Support Questions
Find answers, ask questions, and share your expertise
Announcements
Check out our newest addition to the community, the Cloudera Innovation Accelerator group hub.

Backing up Kafka

New Contributor

Newbie question, apologies. We have a need to backup a Kafka cluster, so that we can restore to a given point in time (as far as possible according to backup granularity) in case of problems, e.g. bad data. Replication would not help here, since bad data could be replicated.

Does anyone out there have such a use case, and did you solve it (with Cloudera or open-source tools)?

Thanks in advance.

1 ACCEPTED SOLUTION

Explorer

You can use Nifi to save your Kafka messages into HDFS (for instance).

 

Something like this :

Sans titre.png

 

- ConsumeKafka : flowfile content is the Kafka message itself, and you have access to some attributes : topic name, partition, offset, key...(but not timestamp !). When i need it I store the timestamp in the key.

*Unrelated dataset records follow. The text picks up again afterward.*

lemma preimage_family_in_ordered_partitions:
  assumes \<beta>: "\<beta> \<in> disjoint_families_of_sizes N T k l" "(\<Union>t\<in>{1..k}. \<beta> t) = j ` D"
    and j: "inj_on j D"
  shows "restrict (\<lambda>t. {i\<in>D. j i \<in> \<beta> t}) {1..k} \<in> ordered_partitions k D l"
proof -
  have "j ` {i\<in>D. j i \<in> \<beta> t} = \<beta> t" if "t \<in> {1..k}" for t
    using \<beta>(2) that by auto
  then have "card {i\<in>D. j i \<in> \<beta> t} = l t" if "t \<in> {1..k}" for t
    using \<beta>(1) that card_image[OF inj_on_subset[OF j, of "{i\<in>D. j i \<in> \<beta> t}"]]
    by (auto simp: disjoint_families_of_sizes_def)
  moreover have "(\<Union>t\<in>{1..k}. {i\<in>D. j i \<in> \<beta> t}) = D"
    using \<beta>(2) by blast
  moreover have "disjoint_family_on \<beta> {1..k}"
    using \<beta>(1) by (simp add: disjoint_families_of_sizes_def)
  then have "disjoint_family_on (\<lambda>t. {i\<in>D. j i \<in> \<beta> t}) {1..k}"
    by (rule disjoint_family_on_bisimulation) blast
  ultimately show ?thesis
    by (auto simp: ordered_partitions_def disjoint_family_on_def)
qed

- ReplaceText : build your backup line using flowfile content and attributes

- MergeContent : to build a big file containing multiple Kafka message

- Extracttext : to set attribute to be used as filename

- PutHDFS : to save the created file into HDFS

 

And you can do the reverse if you need to push it bash to your kafka cluster.

View solution in original post

4 REPLIES 4

Super Collaborator

There's an open source tool kafka-backup that sounds like what you are looking for. I'm not sure I follow your granularity point though.

New Contributor

Thanks

Yes, I came across this kafka-backup when doing searches around this area. But I was hoping that maybe there would have been support from Cloudera itself, as a vendor that wraps Kafka with value-added-services.

 

Regarding granularity, I meant that if I took a backup every six hours, I would presumably be able to return to point-of-time only at that granularity, e.g. to state at 13:00, 19:00, 01:00, 07:00, etc. Unless the backup capability included a continuous log that allowed fine-grained return to point of time.

Super Collaborator

Ok, I get your granularity point. Thanks for clarifying. 

 

Unfortunately we don't have a Cloudera supported tool that can do a simple backup of the Kafka cluster. I can only speculate on the reason, but this is likely a rare case where a backup (rather than replication) is required. 

Explorer

You can use Nifi to save your Kafka messages into HDFS (for instance).

 

Something like this :

Sans titre.png

 

- ConsumeKafka : flowfile content is the Kafka message itself, and you have access to some attributes : topic name, partition, offset, key...(but not timestamp !). When i need it I store the timestamp in the key.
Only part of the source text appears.